_About this task:_
Work through the records that follow and return each line containing the word "then".

++++ Provided information ++++

lemma emp_converges_periodic_proj:
  fixes F f :: "real \<Rightarrow> real"
  assumes F: "\<And>r. (F has_real_derivative f r) (at r)" and f: "continuous_on UNIV f" "\<And>r. \<bar>f r\<bar> \<le> 1"
    and F_bound: "\<And>r. \<bar>F r\<bar> \<le> 1" and periodic: "\<And>n::int. F (2 * pi * n) = F 0"
  shows "emp_converges (\<lambda>x. F (proj t x))"
proof (rule emp_converges_of_approx[where B=1])
  have [measurable]: "F \<in> borel_measurable borel"
    using F by (intro borel_measurable_continuous_onI DERIV_continuous_on) auto
  show "integrable M (\<lambda>x. F (proj t x))"
    by (rule integrable_const_bound[where B=1]) (auto simp: F_bound)
  show "\<bar>F (proj t x)\<bar> \<le> 1" for x by (rule F_bound)
  fix \<epsilon> \<rho> :: real
  assume \<epsilon>: "0 < \<epsilon>"
  define S where "S = (\<Sum>k\<in>UNIV. \<bar>t k\<bar>)"
  define m where "m = nat \<lceil>S * \<bar>\<rho>\<bar> / (2 * pi)\<rceil>"
  define L where "L = 2 * pi * real m"
  have L: "0 \<le> L" "S * \<bar>\<rho>\<bar> \<le> L"
  proof -
    have "S * \<bar>\<rho>\<bar> / (2 * pi) \<le> real m"
      unfolding m_def by (rule real_nat_ceiling_ge)
    then show "0 \<le> L" "S * \<bar>\<rho>\<bar> \<le> L"
      unfolding L_def by (auto simp: divide_le_eq mult.commute)
  qed
  have FL: "F L = F 0" "F (-L) = F 0"
    using periodic[of "int m"] periodic[of "- int m"] by (simp_all add: L_def)
  define g where "g = (\<lambda>x. F 0 - (F L - F (proj t x)) * indicator {-L..L} (proj t x))"
  have "emp_converges (\<lambda>x. F 0 + (- 1) * ((F L - F (proj t x)) * indicator {-L..L} (proj t x)))"
    using FL by (intro emp_converges_add emp_converges_const emp_converges_cmult
        emp_converges_truncated_antiderivative_proj[OF F f F_bound L(1)]) simp
  then have "emp_converges g" unfolding g_def by simp
  moreover have "\<bar>g x\<bar> \<le> 1" for x
    using F_bound[of 0] F_bound[of "proj t x"] FL by (simp add: g_def indicator_def)
  moreover have "\<bar>g x - F (proj t x)\<bar> \<le> \<epsilon>" if "norm x \<le> \<rho>" for x
  proof -
    have "\<bar>proj t x\<bar> \<le> S * norm x"
      unfolding S_def by (rule abs_proj_le)
    also have "\<dots> \<le> S * \<bar>\<rho>\<bar>"
      using that by (intro mult_left_mono) (auto simp: S_def sum_nonneg)
    finally have "\<bar>proj t x\<bar> \<le> S * \<bar>\<rho>\<bar>" .
    then show ?thesis
      using L FL \<epsilon> by (simp add: g_def indicator_def abs_le_iff)
  qed
  ultimately show "\<exists>g. emp_converges g \<and> (\<forall>x. \<bar>g x\<bar> \<le> 1) \<and> (\<forall>x. norm x \<le> \<rho> \<longrightarrow> \<bar>g x - F (proj t x)\<bar> \<le> \<epsilon>)"
    by blast
qed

++++

_Answer section:_
    then show "0 \<le> L" "S * \<bar>\<rho>\<bar> \<le> L"
  then have "emp_converges g" unfolding g_def by simp
    then show ?thesis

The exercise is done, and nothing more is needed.